Bennett, you may recall, was at the center off a grade-fixing scandal. The grades of a charter school founded by a major campaign contributor were mysteriously increased by adjusting the formula for calculating grades. Bennett was defeated in his bid for re-election as state chief in Indiana, but quickly hired by Florida as chief (he is a protege of Jeb Bush). He resigned as chief in Florida after the grade-fixing scandal broke.

Jeff Bryant, a wise observer of politics and education, offers solace at a time when supporters of public education fear the ascendancy of a Republican President and Congress devoted to privatization of schools.
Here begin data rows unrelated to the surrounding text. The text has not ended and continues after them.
text \<open>\<open>trig_coeff c n\<close> is the coefficient of \<open>z\<^sup>n\<close> in \<open>cos w + \<mu> sin w\<close>, where
  \<open>w = (z/2) \<surd>(t (1 - t))\<close> and \<open>\<mu> \<surd>(t (1 - t)) = c - t\<close>; it is a polynomial in \<open>t\<close> because
  \<open>w\<^sup>2 = z\<^sup>2 t (1 - t) / 4\<close> and \<open>\<mu> w = (c - t) z / 2\<close>. The cases \<open>c = 1\<close> and \<open>c = 0\<close> give
  \<open>\<surd>(s\<^sub>+/t\<^sub>+)\<close> and \<open>\<surd>(s\<^sub>-/t\<^sub>-)\<close>.\<close>

definition trig_coeff :: "complex \<Rightarrow> nat \<Rightarrow> complex poly" where
  "trig_coeff c n = smult (of_real (cos_coeff n) / 2 ^ n) (tpm ^ (n div 2))
     + smult (of_real (sin_coeff n) / 2 ^ n) ([:c, -1:] * tpm ^ (n div 2))"

lemma trig_coeff_even:
  "trig_coeff c (2 * m) = smult (of_real (cos_coeff (2 * m)) / 2 ^ (2 * m)) (tpm ^ m)"
  by (simp add: trig_coeff_def sin_coeff_def)

lemma trig_coeff_odd:
  "trig_coeff c (Suc (2 * m)) =
     smult (of_real (sin_coeff (Suc (2 * m))) / 2 ^ Suc (2 * m)) ([:c, -1:] * tpm ^ m)"
  by (simp add: trig_coeff_def cos_coeff_def del: mult_pCons_left)

lemma trig_coeff_0 [simp]: "trig_coeff c 0 = 1"
  by (simp add: trig_coeff_def)

lemma tpm_mult_pderiv_power: "tpm * pderiv (tpm ^ m) = smult (of_nat m) (tpm ^ m * [:1, -2:])"
  by (cases m) (simp_all only: pderiv_power_Suc pderiv_tpm, simp_all add: algebra_simps)

lemma trig_coeff_recurrence_even:
  fixes m :: nat
  defines "n \<equiv> 2 * m"
  shows "of_nat (Suc n) * trig_coeff c (Suc n) + [:1/2, -1:] * of_nat n * trig_coeff c n
           - tpm * pderiv (trig_coeff c n) = [:c/2, -1/2:] * trig_coeff c n"
proof -
  define C where "C = (of_real (cos_coeff (2 * m)) / 2 ^ (2 * m) :: complex)"
  have "of_nat (Suc n) * trig_coeff c (Suc n) = smult (C / 2) ([:c, -1:] * tpm ^ m)"
    unfolding n_def trig_coeff_odd
    by (rule poly_ext) (simp add: sin_coeff_Suc C_def field_simps del: of_nat_Suc mult_pCons_left)
  moreover have "trig_coeff c n = smult C (tpm ^ m)"
    by (simp add: n_def trig_coeff_even C_def)
  ultimately show ?thesis
    by (intro poly_ext)
       (simp add: pderiv_smult tpm_mult_pderiv_power n_def poly_tpm field_simps power2_eq_square
        del: mult_pCons_left)
qed

lemma trig_coeff_recurrence_odd:
  fixes m :: nat
  defines "n \<equiv> Suc (2 * m)"
  assumes c: "c * c = c"
  shows "of_nat (Suc n) * trig_coeff c (Suc n) + [:1/2, -1:] * of_nat n * trig_coeff c n
           - tpm * pderiv (trig_coeff c n) = [:c/2, -1/2:] * trig_coeff c n" (is "?lhs = ?rhs")
proof -
  define S where "S = (of_real (sin_coeff (Suc (2 * m))) / 2 ^ Suc (2 * m) :: complex)"
  define L where "L = [:c, -1:]"
  define Q where "Q = tpm ^ m"
  have next_coeff: "of_nat (Suc n) * trig_coeff c (Suc n) = smult (- S / 2) (tpm * Q)"
    unfolding n_def trig_coeff_even[of _ "Suc m", simplified] Q_def
    by (rule poly_ext) (simp add: cos_coeff_Suc S_def field_simps del: of_nat_Suc)
  have this_coeff: "trig_coeff c n = smult S (L * Q)"
    by (simp add: n_def trig_coeff_odd S_def L_def Q_def del: mult_pCons_left)
  have "pderiv (L * Q) = L * pderiv Q - Q"
    by (simp only: pderiv_mult L_def) (simp add: pderiv_pCons del: mult_pCons_left)
  then have deriv: "tpm * pderiv (L * Q) = L * smult (of_nat m) (Q * [:1, -2:]) - tpm * Q"
    by (simp only: Q_def tpm_mult_pderiv_power[symmetric] right_diff_distrib mult.left_commute)
  have "poly ?lhs x - poly ?rhs x = S * poly Q x * (c - c * c) / 2" for x
    unfolding next_coeff this_coeff pderiv_smult mult_smult_right deriv
    by (simp add: L_def n_def poly_tpm field_simps power2_eq_square)
  then show ?thesis
    using c by (intro poly_ext) simp
qed

lemma trig_coeff_recurrence:
  assumes "c * c = c"
  shows "of_nat (Suc n) * trig_coeff c (Suc n) + [:1/2, -1:] * of_nat n * trig_coeff c n
           - tpm * pderiv (trig_coeff c n) = [:c/2, -1/2:] * trig_coeff c n"
proof -
  have "n = 2 * (n div 2) \<or> n = Suc (2 * (n div 2))"
    by presburger
  then show ?thesis
    by (metis trig_coeff_recurrence_even trig_coeff_recurrence_odd[OF assms])
qed

definition trig_fps :: "complex \<Rightarrow> complex poly fps" where
  "trig_fps c = Abs_fps (trig_coeff c)"

lemma fps_nth_trig_fps [simp]: "fps_nth (trig_fps c) n = trig_coeff c n"
  by (simp add: trig_fps_def)

lemma gkp_op_trig_fps:
  "c * c = c \<Longrightarrow> gkp_op (trig_fps c) = fps_const [:c/2, -1/2:] * trig_fps c"
  by (rule fps_ext) (simp add: fps_nth_gkp_op trig_coeff_recurrence del: of_nat_Suc mult_pCons_left)

definition gkp_egf :: "complex \<Rightarrow> complex \<Rightarrow> complex poly fps" where
  "gkp_egf g0 gi = Abs_fps (\<lambda>n. smult (1 / fact n) (gkp_row g0 gi n))"

lemma fps_nth_gkp_egf: "fps_nth (gkp_egf g0 gi) n = smult (1 / fact n) (gkp_row g0 gi n)"
  by (simp add: gkp_egf_def)

lemma gkp_op_gkp_egf: "gkp_op (gkp_egf g0 gi) = fps_const [:g0, gi:] * gkp_egf g0 gi"
proof (rule fps_ext)
  fix n
  let ?P = "gkp_row g0 gi n"
  have "fps_nth (gkp_op (gkp_egf g0 gi)) n
      = smult (1 / fact n) (gkp_row g0 gi (Suc n) + [:1/2, -1:] * of_nat n * ?P - tpm * pderiv ?P)"
    unfolding fps_nth_gkp_op fps_nth_gkp_egf pderiv_smult
    by (rule poly_ext) (simp add: field_simps del: gkp_row.simps of_nat_Suc)
  also have "gkp_row g0 gi (Suc n) + [:1/2, -1:] * of_nat n * ?P - tpm * pderiv ?P = [:g0, gi:] * ?P"
    by (rule poly_ext) (simp add: algebra_simps)
  finally show "fps_nth (gkp_op (gkp_egf g0 gi)) n = fps_nth (fps_const [:g0, gi:] * gkp_egf g0 gi) n"
    by (simp add: fps_nth_gkp_egf)
qed

text \<open>\<open>ode_defect u v A B P = 0\<close> is the linear ODE in \<open>z\<close> solved by \<open>P = (A\<^sup>2)\<^sup>u (B\<^sup>2)\<^sup>v\<close>,
  cleared of denominators.\<close>

definition ode_defect :: "complex \<Rightarrow> complex \<Rightarrow> complex poly fps \<Rightarrow> complex poly fps
    \<Rightarrow> complex poly fps \<Rightarrow> complex poly fps" where
  "ode_defect u v A B P = A * B * fps_deriv P
     - (fps_const [:2 * u:] * fps_deriv A * B + fps_const [:2 * v:] * A * fps_deriv B) * P"

lemma gkp_op_ode_defect:
  assumes "gkp_op A = fps_const a * A" "gkp_op B = fps_const b * B" "gkp_op P = fps_const p * P"
  shows "gkp_op (ode_defect u v A B P)
           = fps_const (a + b + p - [:1/2, -1:]) * ode_defect u v A B P"
  unfolding ode_defect_def
  by (simp only: gkp_op_diff gkp_op_add gkp_op_mult gkp_op_fps_const assms
      gkp_op_eigen_fps_deriv[OF assms(1)] gkp_op_eigen_fps_deriv[OF assms(2)]
      gkp_op_eigen_fps_deriv[OF assms(3)] fps_const_add[symmetric] fps_const_sub[symmetric])
     algebra

lemma ode_defect_gkp_egf: "ode_defect g0 (- g0 - gi) (trig_fps 1) (trig_fps 0) (gkp_egf g0 gi) = 0"
proof (rule gkp_op_eigen_unique)
  show "gkp_op (ode_defect g0 (- g0 - gi) (trig_fps 1) (trig_fps 0) (gkp_egf g0 gi)) =
      fps_const ([:1/2, -1/2:] + [:0, -1/2:] + [:g0, gi:] - [:1/2, -1:]) *
      ode_defect g0 (- g0 - gi) (trig_fps 1) (trig_fps 0) (gkp_egf g0 gi)"
    by (rule gkp_op_ode_defect) (simp_all add: gkp_op_trig_fps gkp_op_gkp_egf)
  show "fps_nth (ode_defect g0 (- g0 - gi) (trig_fps 1) (trig_fps 0) (gkp_egf g0 gi)) 0 = 0"
    by (simp add: ode_defect_def fps_nth_gkp_egf trig_coeff_def cos_coeff_def sin_coeff_def numeral_2_eq_2)
       (simp add: field_simps)
qed

definition fps_poly_at :: "complex \<Rightarrow> complex poly fps \<Rightarrow> complex fps" where
  "fps_poly_at t f = Abs_fps (\<lambda>n. poly (fps_nth f n) t)"

lemma fps_nth_fps_poly_at [simp]: "fps_nth (fps_poly_at t f) n = poly (fps_nth f n) t"
  by (simp add: fps_poly_at_def)

lemma fps_poly_at_add: "fps_poly_at t (f + g) = fps_poly_at t f + fps_poly_at t g"
  and fps_poly_at_diff: "fps_poly_at t (f - g) = fps_poly_at t f - fps_poly_at t g"
  and fps_poly_at_mult: "fps_poly_at t (f * g) = fps_poly_at t f * fps_poly_at t g"
  and fps_poly_at_fps_const: "fps_poly_at t (fps_const p) = fps_const (poly p t)"
  and fps_poly_at_fps_deriv: "fps_poly_at t (fps_deriv f) = fps_deriv (fps_poly_at t f)"
  by (auto intro!: fps_ext simp: fps_mult_nth poly_sum fps_const_def simp del: of_nat_Suc)

lemma fps_conv_radius_ge_of_geometric_bound:
  fixes f :: "complex fps"
  assumes bound: "\<And>n. norm (fps_nth f n) \<le> C * R ^ n" and R: "R > 0"
  shows "ereal (1 / R) \<le> fps_conv_radius f"
  unfolding fps_conv_radius_def
proof (rule conv_radius_geI_ex')
  fix r :: real
  assume r: "0 < r" "ereal r < ereal (1 / R)"
  then have "summable (\<lambda>n. C * (R * r) ^ n)"
    using R by (intro summable_mult summable_geometric) (auto simp: field_simps)
  then show "summable (\<lambda>n. fps_nth f n * of_real r ^ n)"
  proof (rule summable_norm_cancel[OF summable_comparison_test[rotated]])
    show "\<exists>N. \<forall>n\<ge>N. norm (norm (fps_nth f n * of_real r ^ n)) \<le> C * (R * r) ^ n"
      using r bound by (auto simp: norm_mult norm_power power_mult_distrib intro!: mult_right_mono)
  qed
qed

lemma has_sum_poly_times_power:
  fixes p :: "complex poly"
  shows "((\<lambda>k. coeff p k * t ^ k * z ^ n) has_sum poly p t * z ^ n) UNIV"
proof (rule has_sum_finite_neutralI[of "{..degree p}"])
  show "poly p t * z ^ n = (\<Sum>k\<in>{..degree p}. coeff p k * t ^ k * z ^ n)"
    unfolding poly_altdef sum_distrib_right by (rule refl)
qed (auto simp: coeff_eq_0)

lemma abs_summable_double_series:
  assumes t: "cmod t \<le> 1" and summable: "summable (\<lambda>n. coeff_norm (p n) * cmod z ^ n)"
  shows "(\<lambda>(n, k). norm (coeff (p n) k * t ^ k * z ^ n)) summable_on UNIV"
proof -
  let ?f = "\<lambda>n k. norm (coeff (p n) k * t ^ k * z ^ n)"
  have row: "(?f n has_sum (\<Sum>k\<le>degree (p n). ?f n k)) UNIV" for n
    by (rule has_sum_finite_neutralI) (auto simp: coeff_eq_0)
  have row_bound: "(\<Sum>k\<le>degree (p n). ?f n k) \<le> coeff_norm (p n) * cmod z ^ n" for n
    unfolding coeff_norm_def sum_distrib_right
    by (intro sum_mono)
       (auto simp: norm_mult norm_power intro!: mult_right_mono mult_left_le power_le_one t)
  have "(\<lambda>n. coeff_norm (p n) * cmod z ^ n) summable_on UNIV"
    using summable
    by (subst summable_on_UNIV_nonneg_real_iff) (auto intro!: mult_nonneg_nonneg coeff_norm_nonneg)
  then have "(\<lambda>n. infsum (?f n) UNIV) summable_on UNIV"
    by (rule summable_on_comparison_test)
       (use row_bound infsumI[OF row] in \<open>auto intro: infsum_nonneg sum_nonneg\<close>)
  then have "(\<lambda>x. norm (coeff (p (fst x)) (snd x) * t ^ snd x * z ^ fst x))
      summable_on Sigma UNIV (\<lambda>_. UNIV)"
    using row
    by (intro Infinite_Sum.abs_summable_on_Sigma_iff[THEN iffD2])
       (auto simp: summable_on_def infsum_nonneg)
  then show ?thesis
    by (simp add: case_prod_unfold)
qed

lemma has_sum_double_series:
  assumes t: "cmod t \<le> 1" and summable: "summable (\<lambda>n. coeff_norm (p n) * cmod z ^ n)"
  shows "((\<lambda>(n, k). coeff (p n) k * t ^ k * z ^ n) has_sum (\<Sum>n. poly (p n) t * z ^ n)) UNIV"
proof -
  have norm_summable: "summable (\<lambda>n. norm (poly (p n) t * z ^ n))"
  proof (rule summable_comparison_test[OF _ summable])
    show "\<exists>N. \<forall>n\<ge>N. norm (norm (poly (p n) t * z ^ n)) \<le> coeff_norm (p n) * cmod z ^ n"
      using t by (auto simp: norm_mult norm_power intro!: mult_right_mono norm_poly_le_coeff_norm)
  qed
  then have "((\<lambda>n. poly (p n) t * z ^ n) has_sum (\<Sum>n. poly (p n) t * z ^ n)) UNIV"
    by (rule norm_summable_imp_has_sum[OF _ summable_sums[OF summable_norm_cancel]]) fact+
  moreover have "(\<lambda>(n, k). coeff (p n) k * t ^ k * z ^ n) summable_on Sigma UNIV (\<lambda>_. UNIV)"
    using abs_summable_double_series[OF t summable]
    by (intro abs_summable_summable[where f = "\<lambda>(n, k). coeff (p n) k * t ^ k * z ^ n"])
       (simp add: case_prod_unfold)
  ultimately show ?thesis
    using has_sum_SigmaI[where f = "\<lambda>(n, k). coeff (p n) k * t ^ k * z ^ n" and A = UNIV
        and B = "\<lambda>_. UNIV" and g = "\<lambda>n. poly (p n) t * z ^ n"]
    by (simp add: has_sum_poly_times_power)
qed

lemma coeff_norm_trig_coeff:
  assumes "cmod c \<le> 1"
  shows "coeff_norm (trig_coeff c n) \<le> 3"
proof -
  define k where "k = n div 2"
  define L where "L = [:c, -1:]"
  have tpm_power: "coeff_norm (tpm ^ k) \<le> 2 ^ k"
    using coeff_norm_power[of tpm k] by (simp add: coeff_norm_tpm)
  have "coeff_norm L \<le> 2"
    using coeff_norm_pCons_pCons[of c "-1"] assms by (simp add: L_def)
  then have L_tpm_power: "coeff_norm (L * tpm ^ k) \<le> 2 * 2 ^ k"
    by (intro order_trans[OF coeff_norm_mult] mult_mono tpm_power) (auto simp: coeff_norm_nonneg)
  have trig: "cmod (of_real (cos_coeff n) / 2 ^ n :: complex) \<le> 1 / 2 ^ n"
    "cmod (of_real (sin_coeff n) / 2 ^ n :: complex) \<le> 1 / 2 ^ n"
    using fact_ge_1[of n, where 'a = real]
    by (auto simp: norm_divide norm_power cos_coeff_def sin_coeff_def field_simps)
  have "coeff_norm (trig_coeff c n) \<le> cmod (of_real (cos_coeff n) / 2 ^ n :: complex) * coeff_norm (tpm ^ k)
      + cmod (of_real (sin_coeff n) / 2 ^ n :: complex) * coeff_norm (L * tpm ^ k)"
    unfolding trig_coeff_def k_def[symmetric] L_def[symmetric]
    by (rule order_trans[OF coeff_norm_add]) (simp add: coeff_norm_smult)
  also have "\<dots> \<le> 1 / 2 ^ n * 2 ^ k + 1 / 2 ^ n * (2 * 2 ^ k)"
    by (intro add_mono mult_mono trig tpm_power L_tpm_power) (auto simp: coeff_norm_nonneg)
  also have "\<dots> = 3 * (2 ^ k / 2 ^ n)"
    by (simp add: field_simps)
  also have "\<dots> \<le> 3 * 1"
    using power_increasing[of k n "2 :: real"] by (intro mult_left_mono) (auto simp: k_def)
  finally show ?thesis by simp
qed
He reviews the electoral victories for public schools.

Chief among them, of course, were the overwhelming defeat of charter school measures in Massachusetts and Georgia.

Another victory occurred in Washington State, where Bill Gates spent $500,000 into an effort to unseat Supreme Court justices who ruled that charter schools are not public schools. The Justice who wrote that decision, Barbara Madsen, was re-elected with 64% of the vote. Two other incumbents were re-elected.

Montana Governor Steve Bullock, a strong supporter of public schools, was re-elected, running against an advocate of school choice.

California voters passed measures to assure school funding.

One other piece of good news–and these days, any piece of good news is welcome–is that Maine voters narrowly agreed to raise taxes by 3% on upper-income taxpayers, to increase education funding.